Le soft skill: cosa farne oggi?
- giuseppe de feo
- 1 lug 2021
- Tempo di lettura: 8 min

Mi sembra utile prendere le mosse da un testo colto, ironico e provocatorio, un articolo pubblicato online da poche settimane, per condividere alcune idee sulle soft skill e il loro significato nei contesti organizzativi contemporanei. Un accademico, Emanuele Zinato, professore di letteratura e critico letterario (Dipartimento di Italianistica, Università di Padova) ci dà un contributo brillante, da una prospettiva originale e ideologicamente in forte contrasto con la prospettiva mainstream su una tematica, le soft skill, tipicamente appartenente alla cultura e alle pratiche dello sviluppo organizzativo.
Riporto il testo integrale del (breve) articolo, per poi sviluppare sinteticamente una sorta di risposta alle obiezioni di Emanuele Zinato sulla utilità delle soft skill.
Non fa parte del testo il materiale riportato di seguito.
(* Let $p,q\in\mathbb{R}$ with $p\neq0$, $q\neq0$, and let $j\in\mathbb{R}$ with $j\neq n$. If $M,N\in\mathcal{K}_o^n$ and $Q\in\mathcal{S}_o^n$, then $$\lim_{t\rightarrow0}\frac{\widetilde{W}_{q,j}(M+_pt\cdot N,Q)-\widetilde{W}_{q,j}(M,Q)}{t}=\frac{q}{p}\int_{S^{n-1}}h_N^p(v)\,d\widetilde{\mathcal{C}}_{p,q,j}(M,Q,v).$$
   Context: $\mathcal{K}_o^n$ denotes the set of convex bodies (compact convex sets with nonempty interior) in $\mathbb{R}^n$ containing the origin in their interiors; $\mathcal{S}_o^n$ denotes the set of compact sets star-shaped about the origin whose radial function $\rho_Q(x)=\max\{\lambda\ge0:\lambda x\in Q\}$ is positive and continuous on $\mathbb{R}^n\setminus\{0\}$. $h_M(x)=\max\{x\cdot y:y\in M\}$ is the support function, and $du$ is spherical Lebesgue measure on $S^{n-1}$. For $q\in\mathbb{R}$, $j\ne n$, $M\in\mathcal{K}_o^n$, $Q\in\mathcal{S}_o^n$, the $q$-th dual mixed quermassintegral is $\widetilde{W}_{q,j}(M,Q)=\frac1n\int_{S^{n-1}}\rho_M^q(u)\rho_Q^{n-q-j}(u)\,du$. For $M\in\mathcal{K}_o^n$, let $\partial'M$ be the set of boundary points of $M$ with a unique outer unit normal $\nu_M(x)$; the radial Gauss map $\alpha_M(u)=\nu_M(\rho_M(u)u)$ is defined for almost all $u\in S^{n-1}$. For a Borel set $\eta\subseteq S^{n-1}$ the reverse radial Gauss image is $R^*_M(\eta)=\{u\in S^{n-1}:\rho_M(u)u\cdot v=h_M(v)\text{ for some }v\in\eta\}$. The $q$-th dual mixed curvature measure is $\widetilde{\mathcal{C}}_{q,j}(M,Q,\eta)=\frac1n\int_{R^*_M(\eta)}\rho_M^q(u)\rho_Q^{n-q-j}(u)\,du$, and for $p\in\mathbb{R}$ the $(p,q)$-dual mixed curvature measure $\widetilde{\mathcal{C}}_{p,q,j}(M,Q,\cdot)$ is the measure with $d\widetilde{\mathcal{C}}_{p,q,j}(M,Q,\cdot)=h_M^{-p}\,d\widetilde{\mathcal{C}}_{q,j}(M,Q,\cdot)$. For $p\ne0$ and $t$ such that $h_M^p+t h_N^p>0$ on $S^{n-1}$, $M+_pt\cdot N$ is the Wulff shape $\{x\in\mathbb{R}^n: x\cdot v\le (h_M^p(v)+th_N^p(v))^{1/p}\ \forall v\in S^{n-1}\}$. *)

theory Defs
  imports "HOL-Analysis.Analysis"
begin

definition support_fun :: "'a::euclidean_space set \<Rightarrow> 'a \<Rightarrow> real" where
  "support_fun M x = Sup {x \<bullet> y | y. y \<in> M}"

definition radial_fun :: "'a::euclidean_space set \<Rightarrow> 'a \<Rightarrow> real" where
  "radial_fun Q x = Sup {l. l \<ge> 0 \<and> l *\<^sub>R x \<in> Q}"

definition convex_body_o :: "'a::euclidean_space set \<Rightarrow> bool" where
  "convex_body_o M \<longleftrightarrow> compact M \<and> convex M \<and> interior M \<noteq> {} \<and> 0 \<in> interior M"

definition star_body_o :: "'a::euclidean_space set \<Rightarrow> bool" where
  "star_body_o Q \<longleftrightarrow> compact Q \<and> (\<forall>x\<in>Q. \<forall>t\<in>{0..1}. t *\<^sub>R x \<in> Q)
     \<and> (\<forall>x. x \<noteq> 0 \<longrightarrow> radial_fun Q x > 0)
     \<and> continuous_on (UNIV - {0}) (radial_fun Q)"

text \<open>Spherical Lebesgue measure on S^{n-1}: sigma(E) = n * vol({r u : 0 < r <= 1, u in E}),
  realised as the push-forward of n times Lebesgue measure on the punctured unit ball
  under radial projection.\<close>
definition sphere_measure :: "'a::euclidean_space measure" where
  "sphere_measure = distr (scale_measure (ennreal (real DIM('a)))
       (restrict_space lborel (ball 0 1 - {0})))
     (restrict_space borel (sphere 0 1)) (\<lambda>x. x /\<^sub>R norm x)"

definition dual_mixed_quermass :: "real \<Rightarrow> real \<Rightarrow> 'a::euclidean_space set \<Rightarrow> 'a set \<Rightarrow> real" where
  "dual_mixed_quermass q j M Q =
     (1 / real DIM('a)) * (\<integral>u. radial_fun M u powr q * radial_fun Q u powr (real DIM('a) - q - j)
        \<partial>(sphere_measure :: 'a measure))"

definition reverse_radial_gauss :: "'a::euclidean_space set \<Rightarrow> 'a set \<Rightarrow> 'a set" where
  "reverse_radial_gauss M \<eta> =
     {u \<in> sphere 0 1. \<exists>v\<in>\<eta>. (radial_fun M u *\<^sub>R u) \<bullet> v = support_fun M v}"

definition dual_mixed_curv :: "real \<Rightarrow> real \<Rightarrow> 'a::euclidean_space set \<Rightarrow> 'a set \<Rightarrow> 'a measure" where
  "dual_mixed_curv q j M Q =
     measure_of (sphere 0 1) (sets (restrict_space borel (sphere 0 (1::real))))
       (\<lambda>\<eta>. \<integral>\<^sup>+ u. indicator (reverse_radial_gauss M \<eta>) u *
           ennreal ((1 / real DIM('a)) * (radial_fun M u powr q * radial_fun Q u powr (real DIM('a) - q - j)))
         \<partial>(sphere_measure :: 'a measure))"
(* Let $G$ be an SE-graph with $m$ sources and $n$ sinks and let $p_{ij}$ denote the $(i,j)$ entry of its path matrix $\mathrm{Path}_G$. Then for all $1\le i<\ell\le m$ and $1\le j<k\le n$: $$p_{ij}p_{ik}=q\,p_{ik}p_{ij},\quad p_{ij}p_{\ell j}=q\,p_{\ell j}p_{ij},\quad p_{ik}p_{\ell j}=p_{\ell j}p_{ik},\quad p_{ij}p_{\ell k}-p_{\ell k}p_{ij}=(q-q^{-1})\,p_{ik}p_{\ell j}.$$
   Context: Fix a field $\mathbb K$ and $q\in\mathbb K^\ast$. An SE-graph is a finite directed graph $G=(V,E)$ embedded in the plane (planar with a fixed layout) such that: every edge is either a horizontal edge (H-edge) directed to the right or a vertical edge (V-edge) directed downward; there are distinguished vertices $r_1,\dots,r_m$ (sources) lying on a vertical line in this order upward, and $c_1,\dots,c_n$ (sinks) lying on a horizontal line in this order from left to right; sources are incident only with H-edges and sinks only with V-edges; every vertex lies on a directed path from a source to a sink. Let $W$ be the set of inner vertices. $\mathcal L_G$ is the $\mathbb K$-algebra of Laurent polynomials in the elements of $W$ with relations, for distinct $u,v\in W$: $uv=qvu$ if $G$ has a directed horizontal path from $u$ to $v$; $vu=quv$ if $G$ has a directed vertical path from $u$ to $v$; $uv=vu$ otherwise. Edge weights: $w(e)=v$ if $e=(u,v)$ with $u$ a source; $w(e)=u^{-1}v$ if $e=(u,v)$ is an H-edge with $u,v\in W$; $w(e)=1$ for V-edges. The weight of a directed path is the ordered product of its edge weights. The path matrix $\mathrm{Path}_G$ is the $m\times n$ matrix over $\mathcal L_G$ whose $(i,j)$ entry is the sum of weights of all directed paths from $r_i$ to $c_j$ (zero if there are none). *)

theory Defs
  imports "HOL-Analysis.Analysis"
begin

definition H_edge :: "('v \<Rightarrow> real \<times> real) \<Rightarrow> 'v \<Rightarrow> 'v \<Rightarrow> bool" where
  "H_edge pos u v \<longleftrightarrow> snd (pos u) = snd (pos v) \<and> fst (pos u) < fst (pos v)"

definition V_edge :: "('v \<Rightarrow> real \<times> real) \<Rightarrow> 'v \<Rightarrow> 'v \<Rightarrow> bool" where
  "V_edge pos u v \<longleftrightarrow> fst (pos u) = fst (pos v) \<and> snd (pos v) < snd (pos u)"

definition edge_seg :: "('v \<Rightarrow> real \<times> real) \<Rightarrow> 'v \<times> 'v \<Rightarrow> (real \<times> real) set" where
  "edge_seg pos e = closed_segment (pos (fst e)) (pos (snd e))"

definition is_path :: "('v \<times> 'v) set \<Rightarrow> 'v list \<Rightarrow> bool" where
  "is_path E xs \<longleftrightarrow> xs \<noteq> [] \<and> successively (\<lambda>u v. (u, v) \<in> E) xs"
(* Assume $(\mathbf{H}_f)$ and $(\mathbf{H}_g)$, let $\eta\in C^{\beta\text{-Hol}}([-r,0],\mathbb{R}^d)$ and let $x$ be the solution of the delay equation on $[-r,T]$ with $x_0=\eta$. Let $C:=2(\|g(0)\|+L'+L_g(K+1))$ with $L':=\max\{L_f,\|f(0)\|\}$ and $K:=\frac{1}{1-2^{1-(\nu+\beta)}}$, fix $\mu\in(0,\min\{1,C\})$, and let $t_i$ and $N(t,\omega)$ be the associated stopping times and counting function. Then for every $t\in[0,T]$, $$\|x_t\|_{\infty,\beta,[-r,0]}\le (1-\mu)^{-(N(t,\omega)+1)}\big[\|\eta\|_{\infty,\beta,[-r,0]}+1\big].$$ Moreover, for every integer $k\ge1$ with $k(\nu-\beta)\ge1$, $$N(T,\omega)\le 2^{k-1}\Big(\frac{C}{\mu}\Big)^k\Big(T^{k(1-\beta)}+T^{k(\nu-\beta)}|||\omega|||^k_{\nu,[0,T]}\Big).$$
   Context: $\|\cdot\|$ is the Euclidean norm; $r,T>0$; $C_r:=C([-r,0],\mathbb{R}^d)$ with sup norm; $x_t(u)=x(t+u)$, $u\in[-r,0]$. For $0<\alpha\le1$: $|||x|||_{\alpha,[a,b]}=\sup_{a\le s<t\le b}\frac{\|x(t)-x(s)\|}{(t-s)^\alpha}$, $\|x\|_{\infty,\alpha,[a,b]}=\sup_{[a,b]}\|x\|+|||x|||_{\alpha,[a,b]}$, $C^{\alpha\text{-Hol}}$ the space where finite. Parameters: $\nu\in(\tfrac12,1]$; $\omega\in C^{\nu\text{-Hol}}([0,T],\mathbb{R})$ with $\lim_{h\to0}\sup_{0\le s<t\le T,\,t-s\le h}\frac{|\omega(t)-\omega(s)|}{(t-s)^\nu}=0$; $\frac{1-\nu}{\nu}<\delta\le1$; $\beta\in(0,\nu)$ with $\beta\delta+\nu>1$. $(\mathbf{H}_f)$: $\|f(\xi)-f(\eta)\|\le L_f\|\xi-\eta\|_{\infty,[-r,0]}$ for $f:C_r\to\mathbb{R}^d$. $(\mathbf{H}_g)$: $g:C_r\to\mathbb{R}^d$ Fréchet $C^1$, $\|Dg\|\le L_g$, and for each $M>0$ there is $L_M$ with $\|Dg(\xi)-Dg(\eta)\|\le L_M\|\xi-\eta\|^\delta_{\infty,[-r,0]}$ for $\|\xi\|,\|\eta\|\le M$. The solution is the unique $x\in C^{\beta\text{-Hol}}([-r,T],\mathbb{R}^d)$ with $x_0=\eta$ and $x(t)=\eta(0)+\int_0^tf(x_s)ds+\int_0^tg(x_s)d\omega(s)$ (Young integral) for $t\in[0,T]$. Stopping times: given $C>0$ and $\mu\in(0,C)$, set $t_0=0$ and $t_{i+1}=\sup\{t\in[t_i,T]: C[(t-t_i)^{1-\beta}+(t-t_i)^{\nu-\beta}|||\omega|||_{\nu,[t_i,t]}]\le\mu\}$; the counting function is $N(t,\omega):=\#\{i\ge1: t_i<t\}$ for $t\in[0,T]$ (the number of stopping times in $(0,t)$). *)

theory Defs
  imports "HOL-Analysis.Analysis"
begin
lemma countable_Int_stable_open_generator:
  fixes A :: "'a::second_countable_topology set set"
  assumes "countable A" and open_A: "\<And>a. a \<in> A \<Longrightarrow> open a"
  obtains C where "countable C" "Int_stable C" "A \<subseteq> C" "\<And>c. c \<in> C \<Longrightarrow> open c"
    "sets borel = sigma_sets UNIV C"
proof -
  obtain B :: "'a set set" where B: "countable B" "topological_basis B"
    using ex_countable_basis by blast
  define C where "C = (\<lambda>xs. \<Inter>(set xs)) ` lists (B \<union> A)"
  have singletons: "B \<union> A \<subseteq> C"
  proof
    fix a assume "a \<in> B \<union> A"
    then show "a \<in> C"
      unfolding C_def by (intro image_eqI[where x="[a]"]) auto
  qed
  have open_C: "open c" if "c \<in> C" for c
  proof -
    obtain xs where "set xs \<subseteq> B \<union> A" "c = \<Inter>(set xs)"
      using \<open>c \<in> C\<close> unfolding C_def by (auto simp: in_lists_conv_set)
    moreover have "\<forall>b\<in>B \<union> A. open b"
      using open_A topological_basis_open[OF B(2)] by auto
    ultimately show ?thesis
      by (auto intro!: open_Inter)
  qed
  have "Int_stable C"
    unfolding C_def
  proof (rule Int_stableI_image)
    fix xs ys assume "xs \<in> lists (B \<union> A)" "ys \<in> lists (B \<union> A)"
    then show "\<exists>zs\<in>lists (B \<union> A). \<Inter>(set xs) \<inter> \<Inter>(set ys) = \<Inter>(set zs)"
      by (intro bexI[of _ "xs @ ys"]) auto
  qed
  moreover have "sets borel = sigma_sets UNIV C"
  proof
    have "sets borel = sigma_sets UNIV B"
      by (subst borel_eq_countable_basis[OF B]) (simp add: sets_measure_of)
    also have "\<dots> \<subseteq> sigma_sets UNIV C"
      using singletons by (intro sigma_sets_mono') auto
    finally show "sets borel \<subseteq> sigma_sets UNIV C" .
    have "C \<subseteq> sets borel"
      using open_C by auto
    then show "sigma_sets UNIV C \<subseteq> sets borel"
      using sets.sigma_sets_subset[of C borel] by simp
  qed
  moreover have "countable C"
    unfolding C_def using B(1) assms(1) by simp
  ultimately show thesis
    using that singletons open_C by blast
qed

lemma null_sets_outside_fibre:
  fixes p :: "'x::topological_space \<Rightarrow> 'y::t2_space"
  assumes "bsm X0 Y0 p \<gamma>" "y \<in> Y0" "closed X0" "continuous_on UNIV p"
  shows "UNIV - {x\<in>X0. p x = y} \<in> null_sets (\<gamma> y)"
proof -
  have sets_\<gamma>: "sets (\<gamma> y) = sets borel"
    and null: "emeasure (\<gamma> y) (UNIV - {x\<in>X0. p x = y}) = 0"
    using assms(1,2) unfolding bsm_def by auto
  have "UNIV - {x\<in>X0. p x = y} = - (X0 \<inter> p -` {y})"
    by auto
  moreover have "open (- (X0 \<inter> p -` {y}))"
    by (intro open_Compl closed_Int assms(3) closed_vimage assms(4) closed_singleton)
  ultimately have "UNIV - {x\<in>X0. p x = y} \<in> sets (\<gamma> y)"
    unfolding sets_\<gamma> by simp
  with null show ?thesis
    by (rule null_setsI)
qed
La mia non sarà una presuntuosa confutazione delle tesi di Zinato, anche perché condivido molto della visione etica e politica prospettata dall'autore. Voglio semplicemente affrontare la tematica delle soft skill da una prospettiva pragmatica e attenta alle implicazioni e utilità operative nella vita di lavoro delle organizzazioni complesse.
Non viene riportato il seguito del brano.